On Sat, Apr 11, 2015 at 05:15:18PM -0400, Brian Foster wrote:
> On Fri, Apr 10, 2015 at 11:37:57PM +1000, Dave Chinner wrote:
> > From: Dave Chinner <dchinner@redhat.com>
> > 
> > Now we have an ioend being passed unconditionally to the direct IO
> > write completion context, we can pass a preallocated transaction
> > handle for on-disk inode size updates that are run in completion.
.....
> > --- a/fs/xfs/xfs_aops.c
> > +++ b/fs/xfs/xfs_aops.c
> > @@ -178,6 +178,25 @@ xfs_setfilesize_ioend(
> >  	return xfs_setfilesize(ip, tp, ioend->io_offset, ioend->io_size);
> >  }
> >  
> > +STATIC void
> > +xfs_setfilesize_ioend_cancel(
> > +	struct xfs_ioend	*ioend)
> > +{
> > +	struct xfs_trans	*tp = ioend->io_append_trans;
> > +
> > +	/*
> > +	 * The transaction may have been allocated in the I/O submission thread,
> > +	 * thus we need to mark ourselves as being in a transaction manually.
> > +	 * Similarly for freeze protection.
> > +	 */
> 
> This threw me off at first because we can call this from either the
> submission or the completion context, unlike the commit case where this
> comment is copied from. Could we move the comment above the function and
> clarify a bit? E.g., something like the following is a bit more clear to
> me:
> 
> /*
>  * The process transaction and freeze protection state is cleared immediately
>  * after setfilesize transaction allocation to support transfer of the tp from
>  * submission to completion context. Restore the context appropriately to cancel
>  * the transaction.
>  */

OK, I can do that, but given your next comments, it might just go
away.

> > +	} else {
> > +		ioend = xfs_alloc_ioend(inode, type);
> > +		ioend->io_offset = offset;
> > +		ioend->io_size = size;
> > +		bh_result->b_private = ioend;
> > +		trace_xfs_gbmap_direct_new(XFS_I(inode), offset, size, type,
> > +					   imap);
> > +	}
> > +
> > +	/* check if we need an append transaction allocated. */
> > +	if (ioend->io_type == XFS_IO_OVERWRITE &&
> > +	    xfs_ioend_is_append(ioend) && !ioend->io_append_trans) {
> > +		int	error;
> > +
> > +		error = xfs_setfilesize_trans_alloc(ioend);
> 
> I'm not totally convinced this is safe. We previously moved this tp
> allocation from before a potential xfs_iomap_direct_write() call to the
> completion side to avoid nesting this allocation with unwritten extent
> allocation transactions. See the following for reference:
> 
> 	437a255a xfs: fix direct IO nested transaction deadlock
> 
> Now we move it after that point of the codepath, and even then we know
> that this is an overwrite if we do the allocation here. If we continue
> on and hit a hole, it looks like there's still a sequence to allocate
> this transaction and call xfs_iomap_write_direct(), nesting the
> associated transaction reservations. Am I missing something?
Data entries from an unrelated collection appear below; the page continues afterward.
lemma norm_cscale: "norm (a *\<^sub>C x) = cmod a * norm (x::'a::chilbert)"
proof -
  have "cinner (a *\<^sub>C x) (a *\<^sub>C x) = (a * cnj a) * cinner x x"
    by (simp add: cinner_scale_left cinner_scale_right mult.assoc)
  then have "complex_of_real ((norm (a *\<^sub>C x))\<^sup>2) =
      complex_of_real ((cmod a)\<^sup>2) * complex_of_real ((norm x)\<^sup>2)"
    by (simp only: cinner_norm complex_norm_square)
  then have "(norm (a *\<^sub>C x))\<^sup>2 = (cmod a * norm x)\<^sup>2"
    by (metis of_real_eq_iff of_real_mult power_mult_distrib)
  then show ?thesis by simp
qed

lemma power2_norm_add:
  "(norm (x + y))\<^sup>2 = (norm x)\<^sup>2 + (norm y)\<^sup>2 + 2 * Re (cinner x (y::'a::chilbert))"
proof -
  have "cinner (x + y) (x + y) = cinner x x + cinner y y + (cinner x y + cnj (cinner x y))"
    by (simp add: cinner_simps cinner_commute[of y x])
  then have "Re (cinner (x + y) (x + y)) = Re (cinner x x) + Re (cinner y y) + 2 * Re (cinner x y)"
    by (simp add: complex_add_cnj)
  then show ?thesis by (simp add: cinner_norm del: of_real_power)
qed

lemma cmod_cinner_le: "cmod (cinner x y) \<le> norm x * norm (y::'a::chilbert)"
proof (cases "y = 0")
  case False
  define n where "n = (norm y)\<^sup>2"
  have n: "n > 0" using False by (simp add: n_def)
  define c where "c = cinner x y"
  define t where "t = c / complex_of_real n"
  \<comment> \<open>expand \<open>0 \<le> \<parallel>x - t y\<parallel>\<^sup>2\<close> for the optimal \<open>t\<close>\<close>
  have "0 \<le> (norm (x - t *\<^sub>C y))\<^sup>2" by simp
  also have "\<dots> = Re (cinner (x - t *\<^sub>C y) (x - t *\<^sub>C y))"
    by (simp add: cinner_norm del: of_real_power)
  also have "cinner (x - t *\<^sub>C y) (x - t *\<^sub>C y) = cinner x x - cnj t * c - t * cnj c + t * cnj t * cinner y y"
    by (simp add: cinner_simps c_def cinner_commute[of y x] algebra_simps)
  also have "cinner y y = complex_of_real n" by (simp add: cinner_norm n_def del: of_real_power)
  also have "cinner x x - cnj t * c - t * cnj c + t * cnj t * complex_of_real n =
      cinner x x - c * cnj c / complex_of_real n"
    using n by (simp add: t_def field_simps)
  also have "\<dots> = complex_of_real ((norm x)\<^sup>2 - (cmod c)\<^sup>2 / n)"
    by (simp add: cinner_norm complex_norm_square del: of_real_power)
  finally have "0 \<le> (norm x)\<^sup>2 - (cmod c)\<^sup>2 / n" by simp
  then have "(cmod c)\<^sup>2 \<le> (norm x * norm y)\<^sup>2"
    using n by (simp add: field_simps n_def)
  then show ?thesis unfolding c_def by (simp add: power2_le_iff_abs_le)
qed simp
(* Let $((f_t),(g_t),(h_t))$ be a $W_{1,+}$-geodesic on $G$ with associated function $m$, kernels $K,K^*$ and functions $P_t,Q_t$ as in the context. Then for all $x\in G$, $$\partial_tP_t(x)=(KP_t)(x),\qquad \partial_tQ_t(x)=-(K^*Q_t)(x).$$
   Context: $G$ is a connected, locally finite graph with graph distance $d$; geodesics are paths of adjacent vertices $\gamma(0),\dots,\gamma(n)$ with $n=d(\gamma(0),\gamma(n))$, $e_0(\gamma)=\gamma(0)$, $e_1(\gamma)=\gamma(n)$. For finitely supported probability distributions $f_0,f_1$: $\Pi_1(f_0,f_1)$ = couplings minimizing $\sum d(x,y)\pi(x,y)$ (minimum $W_1$), $\mathcal{C}(f_0,f_1)=\{(x,y):\pi(x,y)>0$ for some $\pi\in\Pi_1\}$; $W_1$-orientation: adjacent $x,y$ get $x\to y$ iff some geodesic $\gamma$ with $(e_0(\gamma),e_1(\gamma))\in\mathcal{C}(f_0,f_1)$ has $\gamma(k)=x,\gamma(k+1)=y$. Oriented paths: $\gamma(i)\to\gamma(i+1)$; $x\le y$ iff an oriented path (possibly of length $0$) goes from $x$ to $y$; $\gamma_i=\gamma(i)$. $E(G)=\{(xy):x\to y\}$, $T(G)$ triples $x_0\to x_1\to x_2$, $\mathcal{F}(x)=\{y:x\to y\}$, $\mathcal{E}(x)=\{y:y\to x\}$; $\nabla g(x_1)=\sum_{\mathcal{F}(x_1)}g(x_1x_2)-\sum_{\mathcal{E}(x_1)}g(x_0x_1)$, $\nabla h(x_1x_2)=\sum_{x_3\in\mathcal{F}(x_2)}h(x_1x_2x_3)-\sum_{x_0\in\mathcal{E}(x_1)}h(x_0x_1x_2)$. $W_{1,+}$-geodesic: a family $(f_t)_{t\in[0,1]}$ from $f_0$ to $f_1$ with $W_1(f_s,f_t)=|t-s|W_1(f_0,f_1)$, differentiable in $t$, with $g_t$ on $E(G)$, $h_t$ on $T(G)$, $\partial_tf_t=-\nabla g_t$, $\partial_tg_t=-\nabla h_t$, $g_t>0$, $f_t(x_1)h_t(x_0x_1x_2)=g_t(x_0x_1)g_t(x_1x_2)$. $C_\gamma(t)=f_t(\gamma_0)$ if $L(\gamma)=0$, $g_t(\gamma_0\gamma_1)$ if $L(\gamma)=1$, $\prod_{i=0}^{n-1}g_t(\gamma_i\gamma_{i+1})/\prod_{j=1}^{n-1}f_t(\gamma_j)$ if $n\ge2$. $\mathcal{A}=\{x:\mathcal{E}(x)=\emptyset\}$, $\mathcal{B}=\{x:\mathcal{F}(x)=\emptyset\}$; extremal oriented paths start in $\mathcal{A}$, end in $\mathcal{B}$; $\mathrm{SE}\Gamma_{1,x}$: oriented paths from a vertex of $\mathcal{A}$ to $x$; $\mathrm{SE}\Gamma_{2,x}$: oriented paths from $x$ to a vertex of $\mathcal{B}$. For $z_1\le\cdots\le z_p$, $m(z_1,\dots,z_p)=\sum_\gamma C_\gamma(0)$ over extremal oriented paths $\gamma$ with indices $k_1\le\dots\le k_p$, $\gamma(k_i)=z_i$ (for extremal $\gamma$, $C_\gamma(t)$ is independent of $t$). Kernels: $K(x_1,x_0)=m(x_0,x_1)/m(x_1)$ for $x_0\in\mathcal{E}(x_1)$, $K^*(x_0,x_1)=m(x_0,x_1)/m(x_0)$ for $x_1\in\mathcal{F}(x_0)$, zero otherwise; $Kf(x_1)=\sum_{x_0}K(x_1,x_0)f(x_0)$, $K^*f(x_0)=\sum_{x_1}K^*(x_0,x_1)f(x_1)$. $P_t(x)=\frac{1}{m(x)}\sum_{\gamma\in\mathrm{SE}\Gamma_{2,x}}C_\gamma(t)$, $Q_t(x)=\frac{1}{m(x)}\sum_{\gamma\in\mathrm{SE}\Gamma_{1,x}}C_\gamma(t)$. *)

theory Defs
  imports "HOL-Analysis.Analysis"
begin

definition walk :: "('v \<Rightarrow> 'v \<Rightarrow> bool) \<Rightarrow> 'v list \<Rightarrow> bool" where
  "walk adj p \<longleftrightarrow> p \<noteq> [] \<and> (\<forall>i. Suc i < length p \<longrightarrow> adj (p ! i) (p ! Suc i))"

definition graph_connected :: "('v \<Rightarrow> 'v \<Rightarrow> bool) \<Rightarrow> bool" where
  "graph_connected adj \<longleftrightarrow> (\<forall>x y. \<exists>p. walk adj p \<and> hd p = x \<and> last p = y)"

definition locally_finite :: "('v \<Rightarrow> 'v \<Rightarrow> bool) \<Rightarrow> bool" where
  "locally_finite adj \<longleftrightarrow> (\<forall>x. finite {y. adj x y})"

definition gdist :: "('v \<Rightarrow> 'v \<Rightarrow> bool) \<Rightarrow> 'v \<Rightarrow> 'v \<Rightarrow> nat" where
  "gdist adj x y = (LEAST n. \<exists>p. walk adj p \<and> hd p = x \<and> last p = y \<and> length p = Suc n)"

definition geodesic :: "('v \<Rightarrow> 'v \<Rightarrow> bool) \<Rightarrow> 'v list \<Rightarrow> bool" where
  "geodesic adj p \<longleftrightarrow> walk adj p \<and> length p = Suc (gdist adj (hd p) (last p))"

definition prob_dist :: "('v \<Rightarrow> real) \<Rightarrow> bool" where
  "prob_dist \<mu> \<longleftrightarrow> (\<forall>x. \<mu> x \<ge> 0) \<and> finite {x. \<mu> x \<noteq> 0} \<and> (\<Sum>x\<in>{x. \<mu> x \<noteq> 0}. \<mu> x) = 1"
No, I didn't really think this part through fully. I knew that we'd
get multiple calls, and we'd get multiple allocations, but for some
reason the penny didn't drop.

What it comes down to is that either we jump through lots of hoops
in __xfs_get_blocks() to handle this case (i.e.
cancel/allocate/reserve on repeat calls) or we just allocate it in
IO completion context as we currently are doing.

I'll have a look at what cancel/allocate/reserve looks like - it
might actually simplify the logic - and go from there.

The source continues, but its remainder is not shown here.